Photographed by John Dennis.
As far as customization goes, the only limit is quote-unquote "good taste." (Says Keith: "There's a certain limit to it — I don't think that they would want me to make something we wouldn't agree is...aesthetically pleasing.") Keith and Parker remember the first big custom job the brand did that involved a 10-carat yellow diamond: "That design has literally become the piece [that] everyone who has a big diamond in their drawer that they don't wear, because it's in a traditional ring [setting], they're all coming to us now." Most jewelry owners probably don't fall in the category of people who own 10-carat diamonds, much less ones they want to appear more casual, but then again, most of us don't have Grammys, either.

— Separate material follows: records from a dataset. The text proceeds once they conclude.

(* Let $m,k\in\mathbb{N}$. Then \[ {}_3F_2\left[\begin{array}{r} -2m,\ 1+k,\ 1+k;\\ -2m-k,\ -2m-k;\end{array}1\right]_{2m}=\frac{(1+k)_{m}(1+k)_{m}2^{2m}\left(\frac{1}{2}\right)_m(2+2k)_{2m}}{(1+k)_{2m}(1+k)_{2m}(2+2k)_{m}}. \]
   Context: $\mathbb{N}=\{1,2,3,\dots\}$. For $a\in\mathbb{C}$ and $n\in\mathbb{N}_0$, $(a)_0=1$ and $(a)_n=a(a+1)\cdots(a+n-1)$. For $N\in\mathbb{N}_0$, ${}_3F_2\left[\begin{array}{r} a_1,a_2,a_3;\\ b_1,b_2;\end{array}z\right]_N=\sum_{n=0}^{N}\frac{(a_1)_n(a_2)_n(a_3)_n}{(b_1)_n(b_2)_n}\frac{z^n}{n!}$ (the sum of the first $N+1$ terms), defined whenever $(b_1)_n(b_2)_n\neq0$ for $0\le n\le N$. *)

theory Defs
  imports Complex_Main
begin

definition hyp3F2_trunc ::
  "complex \<Rightarrow> complex \<Rightarrow> complex \<Rightarrow> complex \<Rightarrow> complex \<Rightarrow> complex \<Rightarrow> nat \<Rightarrow> complex" where
  "hyp3F2_trunc a1 a2 a3 b1 b2 z N =
     (\<Sum>n=0..N. (pochhammer a1 n * pochhammer a2 n * pochhammer a3 n)
                / (pochhammer b1 n * pochhammer b2 n) * z ^ n / of_nat (fact n))"

end

theory Submission
  imports Defs
begin

text \<open>
  Multiplying by (k! (2m+k)!)^2 turns the truncated series into
  S_k = sum_n (-1)^n C(2m,n) ((k+n)! (2m+k-n)!)^2. Zeilberger's algorithm gives the recurrence
    2 (2k+m+2) (2k+m+3) S_(k+1) = 4 (k+m+1)^3 (2k+2m+3) (k+1)^2 S_k,
  proved by creative telescoping: termwise, the left side minus the right side is G(n+1) - G(n)
  for an explicit certificate G vanishing at n = 0 and n = 2m+1. For k = 0 the sum is (2m)! times
  sum_n (-1)^n n! (N-n)! with N = 2m, which telescopes since
  (N+2) n! (N-n)! = n! (N+1-n)! + (n+1)! (N-n)!. The factorial form of the right-hand side
  satisfies the same recurrence and initial value.
\<close>

lemma pochhammer_1_plus_of_nat:
  "pochhammer (1 + of_nat a :: 'a::field_char_0) n = fact (a + n) / fact a"
  using pochhammer_product'[of "1::'a" a n] by (simp add: pochhammer_fact[symmetric])

lemma pochhammer_minus_of_nat:
  assumes "n \<le> a"
  shows "pochhammer (- of_nat a :: 'a::field_char_0) n = (-1) ^ n * fact a / fact (a - n)"
  using assms pochhammer_1_plus_of_nat[of "a - n" n, where 'a='a]
  by (simp add: pochhammer_minus add.commute)

definition cleared_term :: "nat \<Rightarrow> nat \<Rightarrow> nat \<Rightarrow> 'a::field_char_0" where
  "cleared_term N k n = (-1) ^ n * of_nat (N choose n) * (fact (k + n) * fact (N + k - n)) ^ 2"

lemma hyp3F2_trunc_eq_cleared_sum:
  "hyp3F2_trunc (- of_nat N) (1 + of_nat k) (1 + of_nat k) (- of_nat (N + k)) (- of_nat (N + k)) 1 N
     = (\<Sum>n=0..N. cleared_term N k n) / (fact k * fact (N + k)) ^ 2"
  unfolding hyp3F2_trunc_def sum_divide_distrib
proof (rule sum.cong)
  fix n assume "n \<in> {0..N}"
  then have "n \<le> N" "n \<le> N + k" by auto
  then show "pochhammer (- of_nat N) n * pochhammer (1 + of_nat k) n * pochhammer (1 + of_nat k) n
      / (pochhammer (- of_nat (N + k)) n * pochhammer (- of_nat (N + k)) n) * 1 ^ n / of_nat (fact n)
      = cleared_term N k n / (fact k * fact (N + k)) ^ 2"
    unfolding pochhammer_minus_of_nat[OF \<open>n \<le> N\<close>] pochhammer_minus_of_nat[OF \<open>n \<le> N + k\<close>]
      pochhammer_1_plus_of_nat cleared_term_def binomial_fact[OF \<open>n \<le> N\<close>]
    by (simp add: field_simps power2_eq_square add.commute)
qed simp

lemma cleared_term_Suc_param:
  assumes "n \<le> N"
  shows "cleared_term N (Suc k) n = (cleared_term N k n :: 'a::field_char_0)
           * (of_nat k + of_nat n + 1) ^ 2 * (of_nat N + of_nat k + 1 - of_nat n) ^ 2"
proof -
  have "N + Suc k - n = Suc (N + k - n)" using assms by simp
  then show ?thesis
    using assms by (simp add: cleared_term_def of_nat_diff algebra_simps power2_eq_square)
qed

lemma cleared_term_Suc_index:
  assumes "n \<le> N"
  shows "(cleared_term N k (Suc n) :: 'a::field_char_0) * (of_nat n + 1)
             * (of_nat N + of_nat k - of_nat n) ^ 2
           = - cleared_term N k n * (of_nat N - of_nat n) * (of_nat k + of_nat n + 1) ^ 2"
proof (cases "n = N")
  case False
  then have "n < N" using assms by simp
  have fact_shift:
    "fact (N + k - n) = (of_nat N + of_nat k - of_nat n) * (fact (N + k - Suc n) :: 'a)"
    using \<open>n < N\<close> fact_reduce[of "N + k - n", where 'a='a] by (simp add: of_nat_diff)
  have "Suc n * (N choose Suc n) = (N - n) * (N choose n)"
    by (simp only: binomial_absorption binomial_absorb_comp)
  then have binomial_shift:
    "of_nat (N choose Suc n) * (of_nat n + 1) = (of_nat N - of_nat n) * (of_nat (N choose n) :: 'a)"
    using \<open>n < N\<close>
    by (metis (mono_tags) of_nat_Suc of_nat_diff of_nat_mult mult.commute less_imp_le add.commute)
  have "(cleared_term N k (Suc n) :: 'a) * (of_nat n + 1) * (of_nat N + of_nat k - of_nat n) ^ 2
      = - ((-1) ^ n * (of_nat (N choose Suc n) * (of_nat n + 1))
          * (fact (k + n) * (of_nat N + of_nat k - of_nat n) * fact (N + k - Suc n)) ^ 2
          * (of_nat k + of_nat n + 1) ^ 2)"
    by (simp add: cleared_term_def power_mult_distrib mult_ac add_ac)
  also have "\<dots> = - ((-1) ^ n * ((of_nat N - of_nat n) * of_nat (N choose n))
          * (fact (k + n) * fact (N + k - n)) ^ 2 * (of_nat k + of_nat n + 1) ^ 2)"
    unfolding binomial_shift fact_shift by (simp only: mult.assoc)
  also have "\<dots> = - cleared_term N k n * (of_nat N - of_nat n) * (of_nat k + of_nat n + 1) ^ 2"
    by (simp add: cleared_term_def mult_ac)
  finally show ?thesis .
qed (simp add: cleared_term_def)

definition certificate_poly :: "'a::field_char_0 \<Rightarrow> 'a \<Rightarrow> 'a \<Rightarrow> 'a" where
  "certificate_poly M K x = (2*K + M + 2) * x^2 - (2*M + 1) * (2*K + M + 2) * x
     - (4*K^3 + 15*K^2 + 18*K + 7 + M * (9*K^2 + 20*K + 11) + M^2 * (4*K + 4))"

lemma certificate_poly_identity:
  fixes M K x :: "'a::field_char_0"
  shows "2 * (2*K + M + 2) * (2*K + M + 3) * (K + x + 1)^2 * (2*M + K + 1 - x)^2
           - 4 * (K + M + 1)^3 * (2*K + 2*M + 3) * (K + 1)^2
         = - (2*M - x) * (K + x + 1)^2 * certificate_poly M K (x + 1)
           - x * (2*M + K + 1 - x)^2 * certificate_poly M K x"
  unfolding certificate_poly_def by (simp add: algebra_simps power2_eq_square power3_eq_cube)

definition certificate :: "nat \<Rightarrow> nat \<Rightarrow> nat \<Rightarrow> 'a::field_char_0" where
  "certificate m k n = cleared_term (2*m) k n * of_nat n * (2 * of_nat m + of_nat k + 1 - of_nat n)^2
     * certificate_poly (of_nat m) (of_nat k) (of_nat n)"

lemma cleared_term_telescoping:
  assumes "n \<le> 2*m"
  shows "2 * (2 * of_nat k + of_nat m + 2) * (2 * of_nat k + of_nat m + 3)
           * cleared_term (2*m) (Suc k) n
       - 4 * (of_nat k + of_nat m + 1)^3 * (2 * of_nat k + 2 * of_nat m + 3) * (of_nat k + 1)^2
           * cleared_term (2*m) k n
       = (certificate m k (Suc n) - certificate m k n :: 'a::field_char_0)"
proof -
  define M K x where "M = (of_nat m :: 'a)" and "K = (of_nat k :: 'a)" and "x = (of_nat n :: 'a)"
  define t where "t = (cleared_term (2*m) k n :: 'a)"
  have param_shift: "cleared_term (2*m) (Suc k) n = t * (K + x + 1)^2 * (2*M + K + 1 - x)^2"
    using cleared_term_Suc_param[OF assms, of k] by (simp add: t_def M_def K_def x_def)
  have certificate_Suc:
    "certificate m k (Suc n) = - t * (2*M - x) * (K + x + 1)^2 * certificate_poly M K (x + 1)"
  proof -
    have "certificate m k (Suc n) = cleared_term (2*m) k (Suc n) * (of_nat n + 1)
            * (of_nat (2*m) + of_nat k - of_nat n)^2 * certificate_poly M K (x + 1)"
      by (simp add: certificate_def M_def K_def x_def algebra_simps)
    also have "\<dots> = - t * (of_nat (2*m) - of_nat n) * (of_nat k + of_nat n + 1)^2
                        * certificate_poly M K (x + 1)"
      using cleared_term_Suc_index[OF assms, of k, where 'a='a] by (simp add: t_def)
    finally show ?thesis by (simp add: M_def K_def x_def)
  qed
  have certificate_n: "certificate m k n = t * x * (2*M + K + 1 - x)^2 * certificate_poly M K x"
    by (simp add: certificate_def t_def M_def K_def x_def)
  have "2 * (2*K + M + 2) * (2*K + M + 3) * cleared_term (2*m) (Suc k) n
          - 4 * (K + M + 1)^3 * (2*K + 2*M + 3) * (K + 1)^2 * t
      = t * (2 * (2*K + M + 2) * (2*K + M + 3) * (K + x + 1)^2 * (2*M + K + 1 - x)^2
               - 4 * (K + M + 1)^3 * (2*K + 2*M + 3) * (K + 1)^2)"
    unfolding param_shift by (simp add: algebra_simps)
  also have "\<dots> = t * (- (2*M - x) * (K + x + 1)^2 * certificate_poly M K (x + 1)
                        - x * (2*M + K + 1 - x)^2 * certificate_poly M K x)"
    by (simp only: certificate_poly_identity)
  also have "\<dots> = certificate m k (Suc n) - certificate m k n"
    unfolding certificate_Suc certificate_n by (simp add: algebra_simps)
  finally show ?thesis by (simp add: M_def K_def t_def)
qed

lemma cleared_sum_recurrence:
  "2 * (2 * of_nat k + of_nat m + 2) * (2 * of_nat k + of_nat m + 3)
       * (\<Sum>n=0..2*m. cleared_term (2*m) (Suc k) n)
     = 4 * (of_nat k + of_nat m + 1)^3 * (2 * of_nat k + 2 * of_nat m + 3) * (of_nat k + 1)^2
         * (\<Sum>n=0..2*m. cleared_term (2*m) k n :: 'a::field_char_0)"
proof -
  have "(\<Sum>n=0..2*m. 2 * (2 * of_nat k + of_nat m + 2) * (2 * of_nat k + of_nat m + 3)
                        * cleared_term (2*m) (Suc k) n
          - 4 * (of_nat k + of_nat m + 1)^3 * (2 * of_nat k + 2 * of_nat m + 3) * (of_nat k + 1)^2
              * cleared_term (2*m) k n)
      = (\<Sum>n=0..2*m. certificate m k (Suc n) - certificate m k n :: 'a)"
    by (intro sum.cong refl cleared_term_telescoping) simp
  also have "\<dots> = certificate m k (Suc (2*m)) - certificate m k 0"
    by (rule sum_Suc_diff) simp
  also have "\<dots> = 0"
    by (simp add: certificate_def cleared_term_def)
  finally show ?thesis
    by (simp add: sum_subtractf sum_distrib_left)
qed

lemma alternating_sum_fact_fact:
  "of_nat (N + 2) * (\<Sum>n=0..N. (-1) ^ n * fact n * fact (N - n))
     = (1 + (-1) ^ N) * (fact (N + 1) :: 'a::field_char_0)"
proof -
  define D :: "nat \<Rightarrow> 'a" where "D n = (-1) ^ n * fact n * fact (N + 1 - n)" for n
  have "of_nat (N + 2) * ((-1) ^ n * fact n * fact (N - n)) = D n - D (Suc n)" if "n \<le> N" for n
  proof -
    have "N + 1 - n = Suc (N - n)" using that by simp
    then show ?thesis
      using that by (simp add: D_def of_nat_diff algebra_simps)
  qed
  then have "of_nat (N + 2) * (\<Sum>n=0..N. (-1) ^ n * fact n * fact (N - n))
      = (\<Sum>n=0..N. D n - D (Suc n))"
    by (simp add: sum_distrib_left)
  also have "\<dots> = D 0 - D (Suc N)"
    using sum_Suc_diff[of 0 N "\<lambda>n. - D n"] by simp
  also have "\<dots> = (1 + (-1) ^ N) * fact (N + 1)"
    by (simp add: D_def algebra_simps)
  finally show ?thesis .
qed

lemma cleared_sum_closed_form_0:
  "fact m * fact (m + 1) * (\<Sum>n=0..2*m. cleared_term (2*m) 0 n)
     = fact (2*m) * fact m ^ 2 * (fact (2*m + 1) :: 'a::field_char_0)"
proof -
  define N where "N = 2*m"
  define S :: 'a where "S = (\<Sum>n=0..N. (-1) ^ n * fact n * fact (N - n))"
  have "cleared_term N 0 n = fact N * ((-1) ^ n * fact n * fact (N - n) :: 'a)" if "n \<le> N" for n
    using that by (simp add: cleared_term_def binomial_fact field_simps power2_eq_square)
  then have "(\<Sum>n=0..N. cleared_term N 0 n) = fact N * S"
    by (simp add: S_def sum_distrib_left)
  moreover have "of_nat (m + 1) * S = (fact (N + 1) :: 'a)"
  proof -
    have "2 * (of_nat (m + 1) * S) = 2 * (fact (N + 1) :: 'a)"
      using alternating_sum_fact_fact[of N, where 'a='a] by (simp add: S_def N_def algebra_simps)
    then show ?thesis by simp
  qed
  moreover have
    "fact m * fact (m + 1) * (fact N * S) = fact N * fact m ^ 2 * (of_nat (m + 1) * S :: 'a)"
    by (simp add: power2_eq_square algebra_simps)
  ultimately show ?thesis
    by (simp add: N_def)
qed

lemma cleared_sum_closed_form:
  "fact m * fact (2*k + m + 1) * (\<Sum>n=0..2*m. cleared_term (2*m) k n)
     = fact k ^ 2 * fact (2*m) * fact (k + m) ^ 2 * (fact (2*k + 2*m + 1) :: 'a::field_char_0)"
proof (induction k)
  case 0
  show ?case using cleared_sum_closed_form_0[of m] by (simp add: mult_ac)
next
  case (Suc k)
  define K M where "K = (of_nat k :: 'a)" and "M = (of_nat m :: 'a)"
  define S S' :: 'a
    where "S = (\<Sum>n=0..2*m. cleared_term (2*m) k n)"
      and "S' = (\<Sum>n=0..2*m. cleared_term (2*m) (Suc k) n)"
  define R where "R = 4 * (K + M + 1)^3 * (2*K + 2*M + 3) * (K + 1)^2"
  have "2 * (fact m * fact (2 * Suc k + m + 1) * S')
      = fact m * fact (2*k + m + 1) * (2 * (2*K + M + 2) * (2*K + M + 3) * S')"
    by (simp add: K_def M_def algebra_simps)
  also have "\<dots> = R * (fact m * fact (2*k + m + 1) * S)"
    using cleared_sum_recurrence[of k m, where 'a='a]
    by (simp add: K_def M_def R_def S_def S'_def mult_ac)
  also have "\<dots> = R * (fact k ^ 2 * fact (2*m) * fact (k + m) ^ 2 * fact (2*k + 2*m + 1))"
    using Suc.IH by (simp add: S_def)
  also have "\<dots> = 2 * (fact (Suc k) ^ 2 * fact (2*m) * fact (Suc k + m) ^ 2
                          * fact (2 * Suc k + 2*m + 1))"
    by (simp add: R_def K_def M_def algebra_simps power2_eq_square power3_eq_cube)
  finally show ?case by (simp add: S'_def)
qed

lemma pochhammer_quotient_eq_fact_quotient:
  "(pochhammer (1 + of_nat k) m * pochhammer (1 + of_nat k) m * 2 ^ (2 * m)
      * pochhammer (1 / 2) m * pochhammer (2 + 2 * of_nat k) (2 * m))
    / (pochhammer (1 + of_nat k) (2 * m) * pochhammer (1 + of_nat k) (2 * m)
      * pochhammer (2 + 2 * of_nat k) m)
   = fact k ^ 2 * fact (2*m) * fact (k + m) ^ 2 * fact (2*k + 2*m + 1)
      / (fact m * fact (2*k + m + 1) * (fact k * fact (2*m + k)) ^ 2 :: 'a::field_char_0)"
proof -
  have shift: "(2 + 2 * of_nat k :: 'a) = 1 + of_nat (2*k + 1)"
    by simp
  have half: "pochhammer (1 / 2) m = fact (2 * m) / (2 ^ (2 * m) * fact m :: 'a)"
    by (simp add: fact_double)
  show ?thesis
    unfolding shift half pochhammer_1_plus_of_nat
    by (simp add: field_simps power2_eq_square add_ac del: fact_Suc)
qed

theorem mainTheorem11:
  fixes m k :: nat
  assumes "m \<ge> 1" and "k \<ge> 1"
  shows "hyp3F2_trunc (- 2 * of_nat m) (1 + of_nat k) (1 + of_nat k)
            (- 2 * of_nat m - of_nat k) (- 2 * of_nat m - of_nat k) 1 (2 * m)
       = (pochhammer (1 + of_nat k) m * pochhammer (1 + of_nat k) m * 2 ^ (2 * m)
            * pochhammer (1 / 2) m * pochhammer (2 + 2 * of_nat k) (2 * m))
         / (pochhammer (1 + of_nat k) (2 * m) * pochhammer (1 + of_nat k) (2 * m)
            * pochhammer (2 + 2 * of_nat k) m)"
proof -
  \<comment> \<open>The identity holds for all m and k.\<close>
  have "(- 2 * of_nat m :: complex) = - of_nat (2*m)"
    "(- 2 * of_nat m - of_nat k :: complex) = - of_nat (2*m + k)"
    by simp_all
  then have "hyp3F2_trunc (- 2 * of_nat m) (1 + of_nat k) (1 + of_nat k)
            (- 2 * of_nat m - of_nat k) (- 2 * of_nat m - of_nat k) 1 (2 * m)
      = (\<Sum>n=0..2*m. cleared_term (2*m) k n) / (fact k * fact (2*m + k)) ^ 2"
    using hyp3F2_trunc_eq_cleared_sum[of "2*m" k] by simp
  also have "\<dots> = fact k ^ 2 * fact (2*m) * fact (k + m) ^ 2 * fact (2*k + 2*m + 1)
      / (fact m * fact (2*k + m + 1) * (fact k * fact (2*m + k)) ^ 2)"
    using cleared_sum_closed_form[of m k, where 'a=complex]
    by (simp add: nonzero_eq_divide_eq mult_ac del: fact_Suc)
  also have "\<dots> = (pochhammer (1 + of_nat k) m * pochhammer (1 + of_nat k) m * 2 ^ (2 * m)
            * pochhammer (1 / 2) m * pochhammer (2 + 2 * of_nat k) (2 * m))
         / (pochhammer (1 + of_nat k) (2 * m) * pochhammer (1 + of_nat k) (2 * m)
            * pochhammer (2 + 2 * of_nat k) m)"
    by (rule pochhammer_quotient_eq_fact_quotient [symmetric])
  finally show ?thesis .
qed

end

Oh — about the name: the Hoorsenbuhs was a Dutch merchant ship that operated in the 16th century by Keith's ancestors, which, we can assume, were in the business of distributing a lot of precious goods and may have shared the seas with pirates themselves (strong metaphor, boys). You pronounce Hoorsenbuhs as if you didn't know how double O's sounded: It's horse-en-boo, not whoo-ers-an-bus.
With the '70s-opulent redux that Gucci started, the fashion world is undoubtedly primed for chunky chain-link jewels that don't shy away from the question, "How much did you pay for that?" And if you've got the funds for it, that'll probably be followed up with Question No. 2: "Horse-and-wha?"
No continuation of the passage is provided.